(* For every $(\overline{u}_{T,k+1/2})_{k=1}^4\in\mathbb{R}^4$ and every saturations $S_1,\dots,S_4$, the interfacial mobility ratios $\overline{\boldsymbol{\chi}}_\ell=\boldsymbol{A}^{-1}\boldsymbol{B}\boldsymbol{\chi}_\ell$ are well defined, and for every $k\in\{1,\dots,4\}$, $$\overline{V}_{w,k+1/2}+\overline{V}_{\textit{nw},k+1/2}=\overline{u}_{T,k+1/2}.$$
   Context: Indices in $\{1,2,3,4\}$ are cyclic mod 4. Two phases $w,\textit{nw}$ with mobilities $\lambda_w,\lambda_{\textit{nw}}\ge0$ (functions of the wetting saturation $S$) with $\lambda_T=\lambda_w+\lambda_{\textit{nw}}>0$; $\chi_{\ell,k}=\lambda_\ell(S_k)/\lambda_T(S_k)$ and $\boldsymbol{\chi}_\ell=(\chi_{\ell,1},\dots,\chi_{\ell,4})^T$. Limiter $\varphi(r)=\dfrac{r^4+r^3+r^2+r}{r^4+r^3+r^2+r+1}$, $r\ge0$. $\overline{\omega}^V_{k+1/2}=\varphi(\max(0,\overline{u}_{T,k-1/2}/\overline{u}_{T,k+1/2}))$ if $\overline{u}_{T,k+1/2}>0$, $=\varphi(\max(0,\overline{u}_{T,k+3/2}/\overline{u}_{T,k+1/2}))$ if $\overline{u}_{T,k+1/2}<0$, $=0$ otherwise. $\boldsymbol{A}$: $a_{kk}=1$, $a_{k,k-1}=-\overline{\omega}^V_{k+1/2}$ if $\overline{u}_{T,k+1/2}\ge0$ (else $0$), $a_{k,k+1}=-\overline{\omega}^V_{k+1/2}$ if $\overline{u}_{T,k+1/2}<0$ (else $0$), other entries $0$. $\boldsymbol{B}$: $b_{kk}=1-\overline{\omega}^V_{k+1/2}$ if $\overline{u}_{T,k+1/2}\ge0$ (else $0$), $b_{k,k+1}=1-\overline{\omega}^V_{k+1/2}$ if $\overline{u}_{T,k+1/2}<0$ (else $0$), other entries $0$. $\overline{\chi}_{\ell,k+1/2}$ is the $k$-th entry of $\overline{\boldsymbol{\chi}}_\ell$, and the viscous flux is $\overline{V}_{\ell,k+1/2}=\overline{\chi}_{\ell,k+1/2}\overline{u}_{T,k+1/2}$. *)

theory Defs
  imports "HOL-Analysis.Analysis"
begin

text \<open>Cells/interfaces are indexed by the numeral type 4 (arithmetic mod 4).
  Index k of a vector u stands for the interface k+1/2; so u$(k-1) is the
  interface k-1/2 and u$(k+1) is k+3/2.\<close>

definition limiter :: "real \<Rightarrow> real" where
  "limiter r = (r^4 + r^3 + r^2 + r) / (r^4 + r^3 + r^2 + r + 1)"

definition omegaV :: "real^4 \<Rightarrow> 4 \<Rightarrow> real" where
  "omegaV u k =
     (if u$k > 0 then limiter (max 0 (u$(k-1) / u$k))
      else if u$k < 0 then limiter (max 0 (u$(k+1) / u$k))
      else 0)"

definition matA :: "real^4 \<Rightarrow> real^4^4" where
  "matA u = (\<chi> k j. if j = k then 1
                 else if j = k - 1 \<and> u$k \<ge> 0 then - omegaV u k
                 else if j = k + 1 \<and> u$k < 0 then - omegaV u k
                 else 0)"

definition matB :: "real^4 \<Rightarrow> real^4^4" where
  "matB u = (\<chi> k j. if j = k \<and> u$k \<ge> 0 then 1 - omegaV u k
                 else if j = k + 1 \<and> u$k < 0 then 1 - omegaV u k
                 else 0)"

definition chiVec :: "(real \<Rightarrow> real) \<Rightarrow> (real \<Rightarrow> real) \<Rightarrow> real^4 \<Rightarrow> real^4" where
  "chiVec lam lamT S = (\<chi> k. lam (S$k) / lamT (S$k))"

definition chiBar :: "real^4 \<Rightarrow> (real \<Rightarrow> real) \<Rightarrow> (real \<Rightarrow> real) \<Rightarrow> real^4 \<Rightarrow> real^4" where
  "chiBar u lam lamT S = matrix_inv (matA u) *v (matB u *v chiVec lam lamT S)"

definition Vflux :: "real^4 \<Rightarrow> (real \<Rightarrow> real) \<Rightarrow> (real \<Rightarrow> real) \<Rightarrow> real^4 \<Rightarrow> 4 \<Rightarrow> real" where
  "Vflux u lam lamT S k = chiBar u lam lamT S $ k * u$k"

end

theory Submission
  imports Defs
begin

text \<open>Since the limiter takes values in [0,1), row k of A is e_k - \<omega>_k e_j with
  0 \<le> \<omega>_k < 1. Such a matrix is invertible: at a component of maximal modulus of a
  kernel vector x, x_m = \<omega>_m x_j forces \<bar>x_m\<bar> \<le> \<omega>_m \<bar>x_m\<bar>, so x = 0.
  Moreover A and B have the same row sums 1 - \<omega>_k, so A^-1 B fixes the vector of
  ones. As the mobility ratios of the two phases add up to one, so do the
  interfacial ratios, and hence the viscous fluxes add up to the total velocity.\<close>

lemma matrix_inv_left:
  fixes A :: "'a::semiring_1^'n^'m"
  assumes "invertible A"
  shows "matrix_inv A ** A = mat 1"
  using someI_ex[OF assms[unfolded invertible_def]] unfolding matrix_inv_def by blast

lemma matrix_inv_mult_eq:
  fixes A :: "'a::comm_semiring_1^'n^'m"
  assumes "invertible A" and "A *v x = y"
  shows "matrix_inv A *v y = x"
  using assms by (metis matrix_inv_left matrix_vector_mul_assoc matrix_vector_mul_lid)

lemma invertible_if_row_contraction:
  fixes A :: "real^'n^'n"
  assumes rows: "\<And>x k. (A *v x)$k = x$k - w k * x$(p k)"
    and contraction: "\<And>k. \<bar>w k\<bar> < 1"
  shows "invertible A"
proof -
  have "x = 0" if kernel: "A *v x = 0" for x :: "real^'n"
  proof -
    have "Max (range (\<lambda>k. \<bar>x$k\<bar>)) \<in> range (\<lambda>k. \<bar>x$k\<bar>)"
      by (rule Max_in) auto
    then obtain m where "\<bar>x$m\<bar> = Max (range (\<lambda>k. \<bar>x$k\<bar>))"
      by (metis imageE)
    then have max: "\<bar>x$k\<bar> \<le> \<bar>x$m\<bar>" for k
      by simp
    have "x$m = w m * x$(p m)"
      using rows[of x m] kernel by simp
    then have "\<bar>x$m\<bar> \<le> \<bar>w m\<bar> * \<bar>x$m\<bar>"
      using max[of "p m"] by (simp add: abs_mult mult_left_mono)
    then have "\<bar>x$m\<bar> = 0"
      using contraction[of m] by (smt (verit) mult_less_cancel_right2 abs_ge_zero)
    then show ?thesis
      using max by (simp add: vec_eq_iff)
  qed
  then show ?thesis
    unfolding invertible_left_inverse matrix_left_invertible_ker by blast
qed

lemma sum_two_point:
  fixes a b :: "'b::comm_monoid_add"
  assumes "l \<noteq> (k::'a::finite)"
  shows "(\<Sum>j\<in>UNIV. if j = k then a else if j = l then b else 0) = a + b"
proof -
  have "(\<Sum>j\<in>UNIV. if j = k then a else if j = l then b else 0)
      = (\<Sum>j\<in>UNIV. (if j = k then a else 0) + (if j = l then b else 0))"
    using assms by (intro sum.cong) auto
  then show ?thesis
    by (simp add: sum.distrib)
qed

lemma limiter_nonneg: "r \<ge> 0 \<Longrightarrow> 0 \<le> limiter r"
  unfolding limiter_def by simp

lemma limiter_less_one:
  assumes "r \<ge> 0"
  shows "limiter r < 1"
proof -
  have "0 \<le> r^4 + r^3 + r^2 + r"
    using assms by simp
  then show ?thesis
    unfolding limiter_def by simp
qed

lemma omegaV_nonneg: "0 \<le> omegaV u k"
  unfolding omegaV_def by (simp add: limiter_nonneg)

lemma omegaV_less_one: "omegaV u k < 1"
  unfolding omegaV_def by (simp add: limiter_less_one)

lemma neighbours_ne_4: "(k::4) - 1 \<noteq> k" "(k::4) + 1 \<noteq> k"
  by (induct k; simp)+

lemma matA_mult_vector_nth:
  "(matA u *v x)$k = x$k - omegaV u k * x$(if u$k \<ge> 0 then k - 1 else k + 1)"
  unfolding matrix_vector_mult_def matA_def using neighbours_ne_4[of k]
  by (cases "u$k \<ge> 0")
     (auto simp: if_distrib[of "\<lambda>a. a * _"] sum_two_point cong: if_cong)

lemma matB_mult_vector_nth:
  "(matB u *v x)$k = (1 - omegaV u k) * x$(if u$k \<ge> 0 then k else k + 1)"
  unfolding matrix_vector_mult_def matB_def using neighbours_ne_4[of k]
  by (cases "u$k \<ge> 0")
     (auto simp: if_distrib[of "\<lambda>a. a * _"] sum.If_cases cong: if_cong)

lemma invertible_matA: "invertible (matA u)"
  by (rule invertible_if_row_contraction[OF matA_mult_vector_nth])
     (use omegaV_nonneg omegaV_less_one in auto)

lemma matA_matB_same_row_sums: "matA u *v (\<chi> k. 1) = matB u *v (\<chi> k. 1)"
  by (simp add: vec_eq_iff matA_mult_vector_nth matB_mult_vector_nth)

lemma matrix_inv_matA_matB_ones: "matrix_inv (matA u) *v (matB u *v (\<chi> k. 1)) = (\<chi> k. 1)"
  by (rule matrix_inv_mult_eq[OF invertible_matA matA_matB_same_row_sums])

lemma chiVec_add_complementary:
  assumes "\<And>s. lam1 s + lam2 s \<noteq> 0"
  shows "chiVec lam1 (\<lambda>s. lam1 s + lam2 s) S + chiVec lam2 (\<lambda>s. lam1 s + lam2 s) S = (\<chi> k. 1)"
  using assms unfolding chiVec_def by (simp add: vec_eq_iff add_divide_distrib[symmetric])

lemma chiBar_add_complementary:
  assumes "\<And>s. lam1 s + lam2 s \<noteq> 0"
  shows "chiBar u lam1 (\<lambda>s. lam1 s + lam2 s) S + chiBar u lam2 (\<lambda>s. lam1 s + lam2 s) S
    = (\<chi> k. 1)"
  unfolding chiBar_def
  by (simp add: matrix_vector_right_distrib[symmetric] chiVec_add_complementary[OF assms]
      matrix_inv_matA_matB_ones)

theorem mainTheorem3:
  fixes u :: "real^4" and S :: "real^4" and lam_w lam_nw :: "real \<Rightarrow> real"
  assumes "\<And>s. lam_w s \<ge> 0" and "\<And>s. lam_nw s \<ge> 0"
    and "\<And>s. lam_w s + lam_nw s > 0"
  shows "invertible (matA u) \<and>
    (\<forall>k. Vflux u lam_w (\<lambda>s. lam_w s + lam_nw s) S k
        + Vflux u lam_nw (\<lambda>s. lam_w s + lam_nw s) S k = u$k)"
proof -
  have "chiBar u lam_w (\<lambda>s. lam_w s + lam_nw s) S + chiBar u lam_nw (\<lambda>s. lam_w s + lam_nw s) S
      = (\<chi> k. 1)"
    using assms(3) by (intro chiBar_add_complementary) (metis less_irrefl)
  then have "Vflux u lam_w (\<lambda>s. lam_w s + lam_nw s) S k
      + Vflux u lam_nw (\<lambda>s. lam_w s + lam_nw s) S k = u$k" for k
    unfolding Vflux_def by (metis distrib_right mult_1 vector_add_component vec_lambda_beta)
  with invertible_matA show ?thesis
    by blast
qed

end
lemma fringe_weight_zero: "fringe_weight n (\<lambda>k. 0) = 0"
  by (simp add: fringe_weight_def)

lemma fringe_weight_Suc_0: "fringe_weight (Suc 0) h = h 1"
  by (simp add: fringe_weight_def rec_trees_1)

lemma fringe_weight_indicator:
  "n \<ge> 1 \<Longrightarrow> fringe_weight n (\<lambda>k. of_bool (k = m)) = fact (n - 1) * mean_fringe_count n m"
proof (induction n arbitrary: m rule: dec_induct)
  case base
  then show ?case
    by (simp add: fringe_weight_Suc_0 mean_fringe_count_def)
next
  case (step n)
  show ?case
  proof (cases "m = 0")
    case True
    have "fringe_weight (Suc n) (\<lambda>k. of_bool (k = m)) = fringe_weight (Suc n) (\<lambda>k. 0)"
      using True by (intro fringe_weight_cong) auto
    with True show ?thesis
      by (simp add: fringe_weight_zero mean_fringe_count_def)
  next
    case False
    have "(\<lambda>k. k * of_bool (k + 1 = m) + (real n - k) * of_bool (k = m))
        = (\<lambda>k. (real m - 1) * of_bool (k = m - 1) + (real n - m) * of_bool (k = m))"
      using False by (auto simp: fun_eq_iff)
    then have "fringe_weight (Suc n) (\<lambda>k. of_bool (k = m))
        = (real m - 1) * fringe_weight n (\<lambda>k. of_bool (k = m - 1))
          + (real n - m) * fringe_weight n (\<lambda>k. of_bool (k = m)) + fact (n - 1) * real n * of_bool (1 = m)"
      using fringe_weight_Suc[OF step(1), of "\<lambda>k. of_bool (k = m)"] by (simp add: fringe_weight_linear)
    also have "\<dots> = fact (n - 1) * ((real m - 1) * mean_fringe_count n (m - 1)
                       + (real n - m) * mean_fringe_count n m + real n * of_bool (m = 1))"
      using step(3) by (simp add: algebra_simps eq_commute[of 1 m])
    also have "\<dots> = fact (n - 1) * (n * mean_fringe_count (Suc n) m)"
      using mean_fringe_count_Suc[OF step(1)] False by simp
    also have "\<dots> = fact n * mean_fringe_count (Suc n) m"
      using step(1) by (simp add: fact_reduce[of n])
    finally show ?thesis
      by simp
  qed
qed

lemma sum_mean_fringe_count_tail:
  assumes "1 \<le> L" and "L \<le> n"
  shows "(\<Sum>m=L..n. mean_fringe_count n m) = n / L"
  using assms(2)
proof (induction L rule: inc_induct)
  case base
  with assms show ?case
    by (simp add: mean_fringe_count_def)
next
  case (step l)
  have "(\<Sum>m=l..n. mean_fringe_count n m) = mean_fringe_count n l + (\<Sum>m=Suc l..n. mean_fringe_count n m)"
    using step(2) by (simp add: sum.atLeast_Suc_atMost)
  also have "\<dots> = real n / (real l * (real l + 1)) + real n / (real l + 1)"
    using step assms(1) by (simp add: mean_fringe_count_def)
  also have "\<dots> = n / l"
  proof -
    have "real l \<ge> 1"
      using step(1) assms(1) by simp
    then show ?thesis
      by (simp add: divide_simps) (simp add: algebra_simps)
  qed
  finally show ?case .
qed

lemma fringe_weight_lsize_ge:
  assumes "n \<ge> 1" and "L \<ge> 1"
  shows "fringe_weight n (\<lambda>k. of_bool (L \<le> k)) \<le> fact (n - 1) * (n / L)"
proof (cases "L \<le> n")
  case True
  have "fringe_weight n (\<lambda>k. of_bool (L \<le> k)) = fringe_weight n (\<lambda>k. \<Sum>m=L..n. of_bool (k = m))"
    by (rule fringe_weight_cong) auto
  also have "\<dots> = (\<Sum>m=L..n. fringe_weight n (\<lambda>k. of_bool (k = m)))"
    by (rule fringe_weight_sum) simp
  also have "\<dots> = fact (n - 1) * (n / L)"
    using True assms
    by (simp add: fringe_weight_indicator sum_mean_fringe_count_tail flip: sum_distrib_left)
  finally show ?thesis
    by simp
next
  case False
  then have "fringe_weight n (\<lambda>k. of_bool (L \<le> k)) = fringe_weight n (\<lambda>k. 0)"
    by (intro fringe_weight_cong) auto
  then show ?thesis
    by (simp add: fringe_weight_zero)
qed

lemma one_minus_S_coeff_div_T_coeff:
  assumes "n \<ge> 1"
  shows "1 - S_coeff t n / T_coeff n
       = card {r \<in> rec_trees n. \<exists>s. fringe r s \<and> shape s = t} / fact (n - 1)"
proof -
  let ?R = "rec_trees n" and ?has_t = "\<lambda>r. \<exists>s. fringe r s \<and> shape s = t"
  define with_t where "with_t = real (card {r \<in> ?R. ?has_t r})"
  define without_t where "without_t = real (card {r \<in> ?R. \<not> ?has_t r})"
  have "card ?R = card {r \<in> ?R. \<not> ?has_t r} + card {r \<in> ?R. ?has_t r}"
    using finite_rec_trees[of n] by (subst card_Un_disjoint[symmetric]) (auto intro: arg_cong[where f = card])
  then have "real (card ?R) = without_t + with_t"
    unfolding with_t_def without_t_def by (simp flip: of_nat_add)
  moreover have "real (card ?R) = fact (n - 1)"
    using card_rec_trees[OF assms] by simp
  moreover have "S_coeff t n / T_coeff n = without_t / fact (n - 1)"
    unfolding S_coeff_def T_coeff_def without_t_def using card_rec_trees[OF assms] by simp
  moreover have "(fact (n - 1) :: real) \<noteq> 0"
    by simp
  ultimately show ?thesis
    unfolding with_t_def[symmetric] by (simp add: field_simps)
qed

lemma sum_has_fringe_shape_le:
  assumes "finite P" and "\<forall>t\<in>P. L \<le> psize t"
  shows "(\<Sum>t\<in>P. of_bool (\<exists>s. fringe r s \<and> shape s = t))
         \<le> (\<Sum>s\<in>#fringe_mset r. of_bool (L \<le> lsize s) :: real)"
proof -
  let ?large = "{#s \<in># fringe_mset r. L \<le> lsize s#}"
  have "{t \<in> P. \<exists>s. fringe r s \<and> shape s = t} \<subseteq> shape ` set_mset ?large"
    using assms(2) by (auto simp: fringe_iff_in_fringe_mset psize_shape)
  then have "card {t \<in> P. \<exists>s. fringe r s \<and> shape s = t} \<le> card (shape ` set_mset ?large)"
    by (rule card_mono[rotated]) simp
  also have "\<dots> \<le> card (set_mset ?large)"
    by (rule card_image_le) simp
  also have "\<dots> \<le> size ?large"
    by (rule card_set_mset_le_size)
  finally show ?thesis
    using assms(1) by (simp add: Int_def flip: of_nat_size_filter_mset)
qed
lemma f_on_split_first:
  assumes "finite A" and "b1 \<in> A" and "b2 \<in> A" and "b1 < b2"
    and second: "\<And>y. y \<in> A \<Longrightarrow> y \<noteq> b1 \<Longrightarrow> b2 \<le> y"
    and b2_notin_B: "\<And>k. k \<in> A \<Longrightarrow> b2 < k \<Longrightarrow> b2 \<notin> B"
  shows "f_on A B = f_on (A - {b1}) B + f_on (A - {b2}) B"
proof -
  have first_cases: "(\<forall>y\<in>A. (b1, y) \<in> r) \<or> (\<forall>y\<in>A. (b2, y) \<in> r)" if good: "good_on A B r" for r
  proof -
    have lin: "linear_order_on A (r\<inverse>)" using good by (simp add: good_on_def)
    obtain x where "x \<in> A" and x_first: "\<forall>y\<in>A. (x, y) \<in> r"
      using finite_linear_order_on_has_last[OF \<open>finite A\<close> _ lin] \<open>b1 \<in> A\<close> by blast
    have "x = b1 \<or> x = b2"
    proof (rule ccontr)
      assume "\<not> (x = b1 \<or> x = b2)"
      then have "b2 < x" using second[OF \<open>x \<in> A\<close>] by linarith
      then have "ranked_first r x b1 b2" "b2 \<notin> B"
        using x_first \<open>b1 \<in> A\<close> \<open>b2 \<in> A\<close> b2_notin_B \<open>x \<in> A\<close> by (auto simp: ranked_first_def)
      then show False
        using good \<open>b2 < x\<close> \<open>b1 < b2\<close> \<open>x \<in> A\<close> \<open>b1 \<in> A\<close> \<open>b2 \<in> A\<close> by (auto simp: good_on_def)
    qed
    then show ?thesis using x_first by blast
  qed
  have "f_on A B = card {r. good_on A B r \<and> (\<forall>y\<in>A. (b1, y) \<in> r)}
      + card {r. good_on A B r \<and> (\<forall>y\<in>A. (b2, y) \<in> r)}"
    unfolding f_on_def
  proof (rule card_Collect_split[OF finite_good_on[OF \<open>finite A\<close>] first_cases])
    fix r assume "good_on A B r" "\<forall>y\<in>A. (b1, y) \<in> r" "\<forall>y\<in>A. (b2, y) \<in> r"
    then have "linear_order_on A r" "(b1, b2) \<in> r" "(b2, b1) \<in> r"
      using \<open>b1 \<in> A\<close> \<open>b2 \<in> A\<close> by (auto simp: good_on_def)
    then have "b1 = b2" by (rule linear_order_onD(4))
    then show False using \<open>b1 < b2\<close> by simp
  qed
  also have "card {r. good_on A B r \<and> (\<forall>y\<in>A. (b1, y) \<in> r)} = f_on (A - {b1}) B"
    using assms by (intro f_on_with_first) fastforce+
  also have "card {r. good_on A B r \<and> (\<forall>y\<in>A. (b2, y) \<in> r)} = f_on (A - {b2}) B"
  proof (rule f_on_with_first)
    fix i j assume "i \<in> A" "j \<in> A" "i < j" "j < b2"
    then have "i = b1" "j = b1" using second by (meson less_trans not_le)+
    then show False using \<open>i < j\<close> by simp
  qed (use assms in auto)
  finally show ?thesis .
qed

lemma f_on_singleton: "f_on {a} B = 1"
proof -
  have "good_on {a} B r \<longleftrightarrow> r = {(a, a)}" for r
  proof
    assume "good_on {a} B r"
    then have "linear_order_on {a} r" by (simp add: good_on_def)
    then show "r = {(a, a)}"
      using linear_order_onD(1,2)[of "{a}" r] by blast
  qed (simp add: good_on_def)
  then show ?thesis by (simp add: f_on_def)
qed

lemma obtain_two_largest:
  fixes A :: "'a::linorder set"
  assumes "finite A" and "2 \<le> card A"
  obtains a1 a2 where "a1 \<in> A" "a2 \<in> A" "a2 < a1" "\<And>y. y \<in> A \<Longrightarrow> y \<noteq> a1 \<Longrightarrow> y \<le> a2"
proof
  have "A - {Max A} \<noteq> {}"
  proof
    assume "A - {Max A} = {}"
    then have "card A \<le> card {Max A}" by (intro card_mono) auto
    with assms(2) show False by simp
  qed
  then have "Max (A - {Max A}) \<in> A - {Max A}"
    using assms(1) by (intro Max_in) auto
  then show "Max A \<in> A" "Max (A - {Max A}) \<in> A" "Max (A - {Max A}) < Max A"
    using assms(1) by (auto simp: order.strict_iff_order intro: Max_in)
  show "y \<le> Max (A - {Max A})" if "y \<in> A" "y \<noteq> Max A" for y
    using assms(1) that by simp
qed

lemma obtain_two_smallest:
  fixes A :: "'a::linorder set"
  assumes "finite A" and "2 \<le> card A"
  obtains b1 b2 where "b1 \<in> A" "b2 \<in> A" "b1 < b2" "\<And>y. y \<in> A \<Longrightarrow> y \<noteq> b1 \<Longrightarrow> b2 \<le> y"
proof
  have "A - {Min A} \<noteq> {}"
  proof
    assume "A - {Min A} = {}"
    then have "card A \<le> card {Min A}" by (intro card_mono) auto
    with assms(2) show False by simp
  qed
  then have "Min (A - {Min A}) \<in> A - {Min A}"
    using assms(1) by (intro Min_in) auto
  then show "Min A \<in> A" "Min (A - {Min A}) \<in> A" "Min A < Min (A - {Min A})"
    using assms(1) by (auto simp: order.strict_iff_order intro: Min_in)
  show "Min (A - {Min A}) \<le> y" if "y \<in> A" "y \<noteq> Min A" for y
    using assms(1) that by simp
qed

(* The largest index of A is exempt: it is never the middle of a triple, and n \<notin> {k..n-1}. *)
definition upward_closed_in :: "nat set \<Rightarrow> nat set \<Rightarrow> bool" where
  "upward_closed_in A B \<longleftrightarrow> (\<forall>x\<in>A. \<forall>y\<in>A. \<forall>z\<in>A. x < y \<longrightarrow> y < z \<longrightarrow> x \<in> B \<longrightarrow> y \<in> B)"

lemma upward_closed_in_subset: "upward_closed_in A B \<Longrightarrow> A' \<subseteq> A \<Longrightarrow> upward_closed_in A' B"
  unfolding upward_closed_in_def by blast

────────

◆ Activity
Check every line of the entries above for the word "obtains" and report how many lines contain it, giving the number only.

◆ Solution to the exercise
2